Figure 1: Dependency Network for the First Mining Structure with SCORE_METHOD = 4
DependencyNetworkView1

                The mining structure based on sp_spaceused also turned up some unexpectedly strong relationships between IOCompletionRequestAddress with the IOPendingMSTicks, SizeOnDiskBytes and Unused columns, while the last of these was also closely related to SchedulerAddress. By looking up the specific addresses we could probably pinpoint other memory and thread bottlenecks that otherwise might not come to light. Some of the other unusual links included those between Minute and Rows from sp_spaceused, which might point to a change in the number of rows being generated in a database at a particular time of the hour, as well as between Name and CntrValue, which indicates that a particular database was strongly correlated to changes in performance. FileHandleID also had some of the other leading links, such as with measures of IO like NumOfWrites, SizeOnDiskBytes, NumOfBytesWritten and IOStallWriteMs – which curiously did not have strong links with similar measures like DatabaseID and FileID. 
               Strangely, the strongest links for the second mining structure (based on dm_os_wait_stats) were almost a mirror image, with DatabaseID being tightly linked to the same columns FileHandleID was in the first structure. I cannot speculate as to why DatabaseID from was weakly linked in the first but not the second, since it corresponds closely to FileHandleID from the same table, dm_io_virtual_file_stats,  but this at least confirms that specific database files were closely correlated to certain measures of IO. This time, SchedulerAddress was correlated with IOPendingMSTicks, which in turn was strongly linked to CPUTicks, Minute and Hour; my first guess would be that some particular block of memory was causing IO stress at particular times, perhaps when the SSIS job was running. This would dovetail nicely with the high RAM consumption I witnessed during the data collection process, which led to spikes in IO rather than constant IO stress I expected, due to repetitive hits on the page files. IOCompletionRequestAddress was also significantly correlated with MaxWaitTimeMS.
               All of this was gleaned from the Dependency Network, which provides no statistics.
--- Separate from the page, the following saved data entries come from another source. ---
definition slope :: "(nat \<Rightarrow> real) \<Rightarrow> (nat \<Rightarrow> nat) \<Rightarrow> nat \<Rightarrow> real" where
  "slope w i j = sigma_even w i j / sigma_odd w i j"

lemma Delta_sign_iff_directed:
  assumes "sigma_odd w i j > 0" "sigma_odd w i (Suc j) > 0"
  shows "((even (i j) \<longrightarrow> Delta w i j < 0) \<and> (odd (i j) \<longrightarrow> Delta w i j > 0))
    \<longleftrightarrow> directed (even (i j)) (slope w i j) (slope w i (Suc j))"
  using assms by (auto simp: Delta_def slope_def directed_def field_simps)

lemma admissible_iff_directed_slopes:
  assumes pos: "\<forall>l\<in>{1..m}. w l > 0" and dec: "is_decomposition m p i"
    and long: "\<forall>j\<in>{1..Suc p}. i (j - 1) + 2 \<le> i j"
  shows "admissible m w p i \<longleftrightarrow> (\<forall>j\<in>{1..p}. directed (even (i j)) (slope w i j) (slope w i (Suc j)))"
proof -
  have "sigma_odd w i j > 0" if "j \<in> {1..Suc p}" for j
    using sigma_pos(1)[OF pos] long is_decomposition_le_length[OF dec] that by auto
  then show ?thesis
    using dec long Delta_sign_iff_directed unfolding admissible_def by auto
qed

lemma admissible_directed_slopes:
  assumes "\<forall>l\<in>{1..m}. w l > 0" "admissible m w p i" "j \<in> {1..p}"
  shows "directed (even (i j)) (slope w i j) (slope w i (Suc j))"
  using assms admissible_iff_directed_slopes[OF assms(1)] by (auto simp: admissible_def)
It has the advantage of being easy on the eyes, which makes it the ideal visualization tool to begin with when interpreting the results of many SSDM algorithms. If we’re using Decision Trees, we can dig down to greater levels of detail with the Microsoft Tree Viewer and the Generic Content Tree Viewer, both of which I’ve touched on in the last two posts. Linear Regression also uses the Tree Viewer but several of the controls within it are of no use, since that algorithm produces trees of just one node. When we’re dealing with Continuous data, the Mining Legend will appear like the example in Figure 2 to supply us with the regression equation, but that’s a topic we already discussed in the last tutorial. If we’re working with Continuous data in Decision Trees, we may see a node structure like the one below.
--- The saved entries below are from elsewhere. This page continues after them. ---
lemma indep_vars_expectation_inner:
  fixes V :: "'i \<Rightarrow> 'a \<Rightarrow> complex"
  assumes indep: "indep_vars (\<lambda>_. borel) V I" and bounded: "\<And>l. l \<in> I \<Longrightarrow> bounded_rv (V l)"
    and "i \<in> I" "j \<in> I" "i \<noteq> j"
  shows "expectation (\<lambda>\<omega>. V i \<omega> \<bullet> V j \<omega>) = expectation (V i) \<bullet> expectation (V j)"
proof -
  have Vi: "bounded_rv (V i)" and Vj: "bounded_rv (V j)"
    using bounded \<open>i \<in> I\<close> \<open>j \<in> I\<close> by auto
  have "expectation (\<lambda>\<omega>. Re (V i \<omega>) * Re (V j \<omega>))
      = expectation (\<lambda>\<omega>. Re (V i \<omega>)) * expectation (\<lambda>\<omega>. Re (V j \<omega>))"
    using assms Vi Vj by (intro indep_vars_expectation_mult[where f = Re and g = Re]) auto
  moreover have "expectation (\<lambda>\<omega>. Im (V i \<omega>) * Im (V j \<omega>))
      = expectation (\<lambda>\<omega>. Im (V i \<omega>)) * expectation (\<lambda>\<omega>. Im (V j \<omega>))"
    using assms Vi Vj by (intro indep_vars_expectation_mult[where f = Im and g = Im]) auto
  ultimately show ?thesis
    using Vi Vj by (simp add: inner_complex_def expectation_Re expectation_Im)
qed

lemma indep_vars_covariance_inner_eq_0:
  fixes V :: "'i \<Rightarrow> 'a \<Rightarrow> complex" and f :: "complex \<Rightarrow> real"
  assumes indep: "indep_vars (\<lambda>_. borel) V I" and bounded: "\<And>l. l \<in> I \<Longrightarrow> bounded_rv (V l)"
    and "i \<in> I" "j \<in> I" "k \<in> I" "distinct [i, j, k]"
    and "f \<in> borel_measurable borel" "bounded_rv (\<lambda>\<omega>. f (V i \<omega>))"
  shows "covariance (\<lambda>\<omega>. f (V i \<omega>)) (\<lambda>\<omega>. V j \<omega> \<bullet> V k \<omega>) = 0"
proof -
  have Vj: "bounded_rv (V j)" and Vk: "bounded_rv (V k)"
    using bounded assms(4,5) by auto
  have "expectation (\<lambda>\<omega>. f (V i \<omega>) * Re (V j \<omega>) * Re (V k \<omega>))
      = expectation (\<lambda>\<omega>. f (V i \<omega>)) * expectation (\<lambda>\<omega>. Re (V j \<omega>))
        * expectation (\<lambda>\<omega>. Re (V k \<omega>))"
    using assms Vj Vk by (intro indep_vars_expectation_mult3[where g = Re and h = Re]) auto
  moreover have "expectation (\<lambda>\<omega>. f (V i \<omega>) * Im (V j \<omega>) * Im (V k \<omega>))
      = expectation (\<lambda>\<omega>. f (V i \<omega>)) * expectation (\<lambda>\<omega>. Im (V j \<omega>))
        * expectation (\<lambda>\<omega>. Im (V k \<omega>))"
    using assms Vj Vk by (intro indep_vars_expectation_mult3[where g = Im and h = Im]) auto
  moreover have "expectation (\<lambda>\<omega>. V j \<omega> \<bullet> V k \<omega>) = expectation (V j) \<bullet> expectation (V k)"
    using assms by (intro indep_vars_expectation_inner) auto
  moreover have "(\<lambda>\<omega>. f (V i \<omega>) * (V j \<omega> \<bullet> V k \<omega>))
      = (\<lambda>\<omega>. f (V i \<omega>) * Re (V j \<omega>) * Re (V k \<omega>) + f (V i \<omega>) * Im (V j \<omega>) * Im (V k \<omega>))"
    by (simp add: fun_eq_iff inner_complex_def algebra_simps)
  ultimately show ?thesis
    using assms(8) Vj Vk
    by (simp add: covariance_eq inner_complex_def expectation_Re expectation_Im algebra_simps)
qed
Figure 2: Some Microsoft Tree Viewer Output for the Second Mining Structure
DTDiagram2

                The statistical importance of the attributes drops as you move from left to right in the tree structure, with the (All) node being most significant. The nodes can be expanded and collapsed with mouse clicks, while the Show Level and Default Expansion controls determine how many levels are displayed in each tree, which can be quite complicated in other projects. In this example, we’re checking out the attributes and values most likely to determine the value of SignalWaitTimeMs from the mining structure built on the dm_os_wait_stats view. You can also select the Background dropdown to highlight nodes in order of the coefficients of the input column you’ve selected, with the highest values shaded in blue and the lowest ranging from grey to white. The diamonds depict the node’s statistical variance, so that as BOL puts it, “A thinner diamond indicates that the node can create a more accurate prediction.” When you’re working with Discrete data, the nodes will be accompanied by histograms rather than diamond charts.
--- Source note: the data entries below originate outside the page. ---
lemma lin_on_expansion:
  assumes "lin_on V T" "finite_orthonormal E" "span E = V" "v \<in> V"
  shows "T v = (\<Sum>e\<in>E. inner v e *\<^sub>R T e)"
proof -
  have "T v = T (lincomb E (\<lambda>e. inner v e))"
    using lincomb_coordinates[OF assms(2)] assms(3,4) by simp
  also have "\<dots> = (\<Sum>e\<in>E. inner v e *\<^sub>R T e)"
    using assms(2,3) by (intro lin_on_lincomb[OF assms(1)]) (auto simp: finite_orthonormal_def intro: span_base)
  finally show ?thesis .
qed

lemma subspace_eigenspace:
  assumes "subspace V" "lin_on V T"
  shows "subspace {w \<in> V. T w = \<mu> *\<^sub>R w}"
  using assms lin_on_zero[OF assms] unfolding subspace_def lin_on_def by (simp add: scaleR_add_right)

lemma subspace_orthogonal_in: "subspace V \<Longrightarrow> subspace {w \<in> V. inner w e = 0}"
  unfolding subspace_def by (simp add: inner_add_left)

lemma op_on_eigenspace:
  assumes "subspace V" "op_on V T1" "op_on V T2" "\<forall>v\<in>V. T1 (T2 v) = T2 (T1 v)"
  shows "op_on {w \<in> V. T1 w = \<alpha> *\<^sub>R w} T2"
proof -
  define U where "U = {w \<in> V. T1 w = \<alpha> *\<^sub>R w}"
  have lin2: "lin_on V T2" and into2: "\<forall>v\<in>V. T2 v \<in> V"
    using assms(3) by (simp_all add: op_on_def image_subset_iff)
  have "T2 w \<in> U" if "w \<in> U" for w
  proof -
    have w: "w \<in> V" "T1 w = \<alpha> *\<^sub>R w"
      using that unfolding U_def by auto
    have "T1 (T2 w) = T2 (\<alpha> *\<^sub>R w)"
      using assms(4) w by simp
    also have "\<dots> = \<alpha> *\<^sub>R T2 w"
      using lin2 w(1) unfolding lin_on_def by blast
    finally show ?thesis
      using into2 w(1) unfolding U_def by simp
  qed
  moreover have "lin_on U T2"
    by (rule lin_on_subset[OF lin2]) (auto simp: U_def)
  ultimately show ?thesis
    unfolding U_def[symmetric] op_on_def by auto
qed

lemma op_on_orthogonal_complement:
  assumes "op_on V T" "\<forall>v\<in>V. \<forall>w\<in>V. inner (T v) w = inner v (T w)" "e \<in> V" "T e = \<alpha> *\<^sub>R e"
  shows "op_on {w \<in> V. inner w e = 0} T"
proof -
  define W where "W = {w \<in> V. inner w e = 0}"
  have "lin_on V T"
    using assms(1) by (simp add: op_on_def)
  then have "lin_on W T"
    by (rule lin_on_subset) (auto simp: W_def)
  moreover have "T w \<in> W" if "w \<in> W" for w
  proof -
    have w: "w \<in> V" "inner w e = 0"
      using that unfolding W_def by auto
    have "inner (T w) e = inner w (T e)"
      using assms(2) w(1) assms(3) by simp
    then have "inner (T w) e = 0"
      using assms(4) w(2) by simp
    moreover have "T w \<in> V"
      using assms(1) w(1) unfolding op_on_def by auto
    ultimately show ?thesis
      unfolding W_def by simp
  qed
  ultimately show ?thesis
    unfolding W_def[symmetric] op_on_def by auto
qed

lemma span_insert_inter_cball:
  assumes "norm f = 1" "\<And>y. y \<in> F \<Longrightarrow> orthogonal f y"
  shows "span (insert f F) \<inter> cball 0 r
    = (\<lambda>(w, k). w + k *\<^sub>R f) ` ((span F \<inter> cball 0 r) \<times> cball 0 r) \<inter> cball 0 r"
proof (intro equalityI subsetI)
  fix v assume v: "v \<in> span (insert f F) \<inter> cball 0 r"
  then obtain k where w: "v - k *\<^sub>R f \<in> span F"
    using span_breakdown_eq by blast
  have "orthogonal (v - k *\<^sub>R f) (k *\<^sub>R f)"
    using orthogonal_to_span[OF w assms(2)] by (simp add: orthogonal_commute orthogonal_clauses)
  then have pythagoras: "(norm v)\<^sup>2 = (norm (v - k *\<^sub>R f))\<^sup>2 + \<bar>k\<bar>\<^sup>2"
    using norm_add_Pythagorean[of "v - k *\<^sub>R f" "k *\<^sub>R f"] assms(1) by simp
  have "norm v \<le> r"
    using v by simp
  then have "0 \<le> r" "(norm v)\<^sup>2 \<le> r\<^sup>2"
    by (auto intro: order_trans[OF norm_ge_zero] power_mono)
  then have "(norm (v - k *\<^sub>R f))\<^sup>2 \<le> r\<^sup>2" "\<bar>k\<bar>\<^sup>2 \<le> r\<^sup>2"
    using pythagoras zero_le_power2[of "norm (v - k *\<^sub>R f)"] zero_le_power2[of "\<bar>k\<bar>"] by linarith+
  then have "norm (v - k *\<^sub>R f) \<le> r" "\<bar>k\<bar> \<le> r"
    using \<open>0 \<le> r\<close> power2_le_imp_le by blast+
  then have "(v - k *\<^sub>R f, k) \<in> (span F \<inter> cball 0 r) \<times> cball 0 r"
    using w by simp
  then show "v \<in> (\<lambda>(w, k). w + k *\<^sub>R f) ` ((span F \<inter> cball 0 r) \<times> cball 0 r) \<inter> cball 0 r"
    using v by (intro IntI rev_image_eqI) auto
next
  fix v assume "v \<in> (\<lambda>(w, k). w + k *\<^sub>R f) ` ((span F \<inter> cball 0 r) \<times> cball 0 r) \<inter> cball 0 r"
  then obtain w k where "w \<in> span F" "v = w + k *\<^sub>R f" "v \<in> cball 0 r"
    by force
  moreover have "span F \<subseteq> span (insert f F)"
    by (simp add: span_mono subset_insertI)
  ultimately show "v \<in> span (insert f F) \<inter> cball 0 r"
    by (metis IntI in_mono span_add span_base span_scale insertI1)
qed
Figure 3: Microsoft Tree Viewer for the Third Mining Structure

DTModel3Diagram

                Personally, I find the histograms for these Discrete attributes harder to read, since the colors contrast with each other and the Mining Legend cannot be ordered by the highest or lowest probabilities. For example, the highest value for LastExecutionTime is in yellow, but it corresponds to the fourth row in the Mining Legend despite having the highest probability. Figure 3 was typical with the results I received from Decision Trees when working with Discrete attributes. As you can see, the relationships SSDM decides to focus on are not always useful; like the ones for SchedulerAddress above, many of them are based on NOT values which only tell us that a particular column has a high probability of being any one of a wide range of other values. Many of the other trees returned for this mining structure and others I’ve practiced on in the past are also prone to cluttering with comparisons against Missing values, which in many circumstances may be a bogus comparison against attributes or values artificially eliminated through feature selection.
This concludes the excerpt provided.